I like to keep on my toes when it comes to my career. I do at least one job interview per year even if not looking for a job.

This has many benefits for me:

  • it gives me space for thinking about whether I’m content at my current job,
  • if I pass the interview it gives me peace of mind that I can actually switch jobs without too much hassle,
  • allows me to check interesting offers from other companies.

A lot of those companies will require me to pass a DSA interview. I have systems in place to keep track and prepare for those interviews so they don’t really take up a lot of my time.

Another question is do they actually make sense.

I have gathered quite a collection of algorithm katas that allow me to refresh my skills on the basic algorithms.

Do I use those algorithms anywhere else then the katas themselves? No.

Do I think they’re knowledge will be a good predictor for anyone joining the company. No.

If in charge of creating an interview program port I still want space kind of questions in my interview process? Maybe. And the why needs a bit of an explanation.

Does it make sense?

So let me tell you bit about my college years. When I was at the point when I needed to choose colleges I felt that I’ve learned a lot of the engineering skills that would make me a good programmer.

I decided to go for a more business oriented IT position but I also wanted it to not only be about business. I wanted to have an engineering degree.

This left me with a pretty weird choice where I had both IT/business and hard engineering skills. You see, it was a university department that was was big into managing production lines.

I had my head filled with several concepts that are crucial for managing good production lines. It pulled me in several different directions for around 4 years.
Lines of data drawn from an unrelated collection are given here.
(* Let $k$ be a field of characteristic zero and let $A=\bigoplus_{i\ge 0}A_i$ be a standard graded Artinian $k$-algebra. Then $A$ has the weak Lefschetz property (respectively, the strong Lefschetz property) if and only if there exists a linear form $l\in A_1$ such that the associated graded ring $Gr_{l}(A)$ has the weak Lefschetz property (respectively, the strong Lefschetz property).
   Context: For a linear form $l\in A_1$, let $r$ be the least integer with $l^r=0$. The associated graded ring of $A$ with respect to $l$ is $Gr_l(A)=A/(l)\oplus (l)/(l^2)\oplus\cdots\oplus (l^{r-1})/(l^r)$, with multiplication induced from $A$ and with the grading inherited from the grading of $A$. A finite graded module $M=\bigoplus_i M_i$ over a standard graded $k$-algebra $R$ (in particular $R$ itself) has the weak Lefschetz property (WLP) if there is a linear form $\ell\in R_1$ such that each multiplication map $\times\ell\colon M_i\to M_{i+1}$ has maximal rank (is injective or surjective); it has the strong Lefschetz property (SLP) if there is $\ell\in R_1$ such that $\times\ell^d\colon M_i\to M_{i+d}$ has maximal rank for all $d>0$ and all $i$. *)

theory Defs
  imports Main "HOL.Vector_Spaces"
begin

text \<open>A k-algebra A is modelled by a type 'a of class comm_ring_1 together with a
  k-vector-space structure scale (k a type of class field) compatible with the
  multiplication.\<close>

definition ring_ideal :: "'a::comm_ring_1 set \<Rightarrow> bool" where
  "ring_ideal I \<longleftrightarrow> 0 \<in> I \<and> (\<forall>x\<in>I. \<forall>y\<in>I. x + y \<in> I) \<and> (\<forall>x\<in>I. \<forall>r. r * x \<in> I)"

definition artinian_ring :: "'a::comm_ring_1 itself \<Rightarrow> bool" where
  "artinian_ring _ \<longleftrightarrow>
     \<not> (\<exists>f :: nat \<Rightarrow> 'a set. \<forall>n. ring_ideal (f n) \<and> f (Suc n) \<subset> f n)"

definition k_algebra :: "('k::field \<Rightarrow> 'a::comm_ring_1 \<Rightarrow> 'a) \<Rightarrow> bool" where
  "k_algebra scale \<longleftrightarrow> vector_space scale \<and> (\<forall>c x y. scale c (x * y) = scale c x * y)"

definition standard_graded_algebra ::
    "('k::field \<Rightarrow> 'a::comm_ring_1 \<Rightarrow> 'a) \<Rightarrow> (nat \<Rightarrow> 'a set) \<Rightarrow> bool" where
  "standard_graded_algebra scale A \<longleftrightarrow>
     k_algebra scale \<and> (1::'a) \<noteq> 0 \<and>
     (\<forall>i. module.subspace scale (A i)) \<and>
     (\<forall>x. \<exists>!c :: nat \<Rightarrow> 'a. (\<forall>i. c i \<in> A i) \<and> finite {i. c i \<noteq> 0} \<and>
            x = (\<Sum>i\<in>{i. c i \<noteq> 0}. c i)) \<and>
     (\<forall>i j. \<forall>x\<in>A i. \<forall>y\<in>A j. x * y \<in> A (i + j)) \<and>
     A 0 = range (\<lambda>c. scale c 1) \<and>
     (\<exists>B. finite B \<and> module.span scale B = A 1) \<and>
     (\<forall>i. A (Suc i) = module.span scale {x * y | x y. x \<in> A 1 \<and> y \<in> A i})"

definition standard_graded_artinian_algebra ::
    "('k::field \<Rightarrow> 'a::comm_ring_1 \<Rightarrow> 'a) \<Rightarrow> (nat \<Rightarrow> 'a set) \<Rightarrow> bool" where
  "standard_graded_artinian_algebra scale A \<longleftrightarrow>
     standard_graded_algebra scale A \<and> artinian_ring TYPE('a)"

text \<open>A graded object is given by its graded pieces R i and its multiplication mult.\<close>

definition maximal_rank :: "('b \<Rightarrow> 'b) \<Rightarrow> 'b set \<Rightarrow> 'b set \<Rightarrow> bool" where
  "maximal_rank f S T \<longleftrightarrow> inj_on f S \<or> f ` S = T"

definition WLP :: "(nat \<Rightarrow> 'b set) \<Rightarrow> ('b \<Rightarrow> 'b \<Rightarrow> 'b) \<Rightarrow> bool" where
  "WLP R mult \<longleftrightarrow> (\<exists>l\<in>R 1. \<forall>i. maximal_rank (mult l) (R i) (R (Suc i)))"

text \<open>Multiplication by l^d is the d-fold iterate of multiplication by l.\<close>
definition SLP :: "(nat \<Rightarrow> 'b set) \<Rightarrow> ('b \<Rightarrow> 'b \<Rightarrow> 'b) \<Rightarrow> bool" where
  "SLP R mult \<longleftrightarrow> (\<exists>l\<in>R 1. \<forall>d>0. \<forall>i. maximal_rank (mult l ^^ d) (R i) (R (i + d)))"

definition pideal :: "'a::comm_ring_1 \<Rightarrow> 'a set" where
  "pideal a = range (\<lambda>x. a * x)"

definition coset :: "'a::comm_ring_1 set \<Rightarrow> 'a \<Rightarrow> 'a set" where
  "coset I x = (\<lambda>y. x + y) ` I"

text \<open>An element of Gr_l(A) = (+)_j (l^j)/(l^(j+1)) is represented canonically as the
  function j \<mapsto> (its component in (l^j)/(l^(j+1)), a coset of (l^(j+1))). Components for
  j \<ge> r (where l^r = 0) are the zero coset {0}.\<close>

definition gr_piece :: "(nat \<Rightarrow> 'a::comm_ring_1 set) \<Rightarrow> 'a \<Rightarrow> nat \<Rightarrow> nat \<Rightarrow> 'a set set" where
  "gr_piece A l j d = {coset (pideal (l ^ Suc j)) x | x. x \<in> pideal (l ^ j) \<and> x \<in> A d}"

definition gr_grade :: "(nat \<Rightarrow> 'a::comm_ring_1 set) \<Rightarrow> 'a \<Rightarrow> nat \<Rightarrow> (nat \<Rightarrow> 'a set) set" where
  "gr_grade A l d = {g. \<forall>j. g j \<in> gr_piece A l j d}"

definition gr_rep :: "'a set \<Rightarrow> 'a" where
  "gr_rep S = (SOME x. x \<in> S)"

definition gr_mult :: "'a::comm_ring_1 \<Rightarrow> (nat \<Rightarrow> 'a set) \<Rightarrow> (nat \<Rightarrow> 'a set) \<Rightarrow> (nat \<Rightarrow> 'a set)" where
  "gr_mult l g h = (\<lambda>j. coset (pideal (l ^ Suc j))
        (\<Sum>a\<le>j. gr_rep (g a) * gr_rep (h (j - a))))"

end

(* For l = 0 the associated graded ring Gr_0(A) is A itself, which gives the forward implications.

   Conversely, let L in Gr_l(A)_1 have components represented by x_e in (l^e) of degree 1 and put
   u_t = sum_e t^(-e) x_e in A_1.  Choose bases of the A_i adapted to the l-adic filtration.  After
   rescaling every basis vector p by t^(ord_l p), the matrix of multiplication by u_t^d becomes a
   polynomial matrix in t whose value at t = 0 is the matrix of multiplication by L^d on Gr_l(A).
   A one-sided inverse of the value at 0 yields a square polynomial matrix with value 1 at 0, hence
   invertible outside the finitely many roots of its determinant; so maximal rank of L^d passes to
   u_t^d for all but finitely many t.  As A is Artinian only finitely many degrees matter, and as k
   is infinite some u_t is a Lefschetz element of A. *)

theory Submission
  imports Defs "HOL-Library.Function_Algebras" "Jordan_Normal_Form.Determinant"
begin

lemma sum_convolution_assoc:
  fixes x y r :: "nat \<Rightarrow> 'a::comm_semiring_1"
  shows "(\<Sum>a\<le>j. x a * (\<Sum>e\<le>j - a. y e * r (j - a - e)))
       = (\<Sum>f\<le>j. (\<Sum>a\<le>f. x a * y (f - a)) * r (j - f))"
proof -
  define g where "g a e = x a * y e * r (j - (a + e))" for a e
  have "(\<Sum>a\<le>j. x a * (\<Sum>e\<le>j - a. y e * r (j - a - e))) = (\<Sum>a\<le>j. \<Sum>e\<le>j - a. g a e)"
    unfolding g_def sum_distrib_left by (simp add: mult.assoc diff_diff_left)
  also have "\<dots> = (\<Sum>(a, e)\<in>Sigma {..j} (\<lambda>a. {..j - a}). g a e)"
    by (rule sum.Sigma) auto
  also have "Sigma {..j} (\<lambda>a. {..j - a}) = {(a, e). a + e \<le> j}" by auto
  also have "(\<Sum>(a, e)\<in>{(a, e). a + e \<le> j}. g a e) = (\<Sum>f\<le>j. \<Sum>a\<le>f. g a (f - a))"
    by (rule sum.triangle_reindex_eq)
  also have "\<dots> = (\<Sum>f\<le>j. (\<Sum>a\<le>f. x a * y (f - a)) * r (j - f))"
    unfolding sum_distrib_right g_def by (intro sum.cong refl) (simp add: mult.assoc)
  finally show ?thesis .
qed

lemma times_funpow: "(*) (c::'a::monoid_mult) ^^ d = (*) (c ^ d)"
  using funpow_times_power[of "\<lambda>_. d" c] .

lemma funpow_conj: "(\<And>x. g (h x) = h (f x)) \<Longrightarrow> (g ^^ n) (h x) = h ((f ^^ n) x)"
  by (induction n) simp_all

lemma maximal_rank_image:
  assumes h: "inj h" and gh: "\<And>x. g (h x) = h (f x)" and mr: "maximal_rank f S T"
  shows "maximal_rank g (h ` S) (h ` T)"
proof (cases "inj_on f S")
  case True
  have "inj_on g (h ` S)"
  proof (rule inj_onI)
    fix u v assume "u \<in> h ` S" "v \<in> h ` S" "g u = g v"
    then obtain x y where xy: "x \<in> S" "y \<in> S" "u = h x" "v = h y" "h (f x) = h (f y)"
      using gh by auto
    hence "f x = f y" using h by (simp add: inj_eq)
    thus "u = v" using True xy by (simp add: inj_on_eq_iff)
  qed
  thus ?thesis by (simp add: maximal_rank_def)
next
  case False
  hence "f ` S = T" using mr unfolding maximal_rank_def by blast
  moreover have "g ` h ` S = h ` f ` S" by (simp add: image_image gh)
  ultimately show ?thesis by (simp add: maximal_rank_def)
qed

section \<open>Generic rank of polynomial matrices\<close>

definition mat_injective :: "'p set \<Rightarrow> 'q set \<Rightarrow> ('q \<Rightarrow> 'p \<Rightarrow> 'k::field) \<Rightarrow> bool" where
  "mat_injective P Q M \<longleftrightarrow> (\<forall>z. (\<forall>q\<in>Q. (\<Sum>p\<in>P. M q p * z p) = 0) \<longrightarrow> (\<forall>p\<in>P. z p = 0))"

definition mat_surjective :: "'p set \<Rightarrow> 'q set \<Rightarrow> ('q \<Rightarrow> 'p \<Rightarrow> 'k::field) \<Rightarrow> bool" where
  "mat_surjective P Q M \<longleftrightarrow> (\<forall>y. \<exists>z. \<forall>q\<in>Q. (\<Sum>p\<in>P. M q p * z p) = y q)"

lemma det_map_poly_eval: "det (map_mat (\<lambda>p. poly p t) M) = poly (det M) (t::'k::field)"
proof -
  interpret comm_ring_hom "\<lambda>p. poly p t" by unfold_locales auto
  show ?thesis by (rule hom_det)
qed

lemma mult_mat_vec_enum:
  assumes en: "bij_betw en {..<n} P" and i: "i < n"
  shows "(mat n n (\<lambda>(i, j). M (en i) (en j)) *\<^sub>v vec n (\<lambda>j. z (en j))) $ i = (\<Sum>p\<in>P. M (en i) p * z p)"
  using i sum.reindex_bij_betw[OF en, of "\<lambda>p. M (en i) p * z p"]
  by (simp add: mult_mat_vec_def scalar_prod_def lessThan_atLeast0)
At the time, this seemed like a waste of time. Looking back, this was pretty formative to my thinking. I now have an intuitive understanding of how things are done. Preparation/changeover times are just parts of how I see the world. The ergonomics of what the human body and mind are capable of are second nature to me. Using time and resources in an optimal manner has become a habit that I’m unconsciously pursuing to an extent that I’m frequently embarrassed by.

I have never managed a production line. I have nowhere near the skills to do that. However the way of thinking has stuck to me since then and it has a very broad applicability in other areas. Cooking, housework, exercise routines, project planning; these are just a few sample disciplines that were affected by the thinking that was crammed in my head and affected my thinking itself.

Maybe it does

So maybe it’s possible that teaching general principles around different things related to it my shape the thinking of programmers despite the fact that they will not directly use the skills that they are learning.

As a web developer you will not implement merge sort by yourself but it seems quite useful to know it exists. Even more so the general principle of divide and conquer - it is a great way to tackle anything else that you’ll encounter. Once you create the merge sort and implemented it a thousand times that will change the way you think.

So maybe that’s enough to at least give it a few minutes on an interview.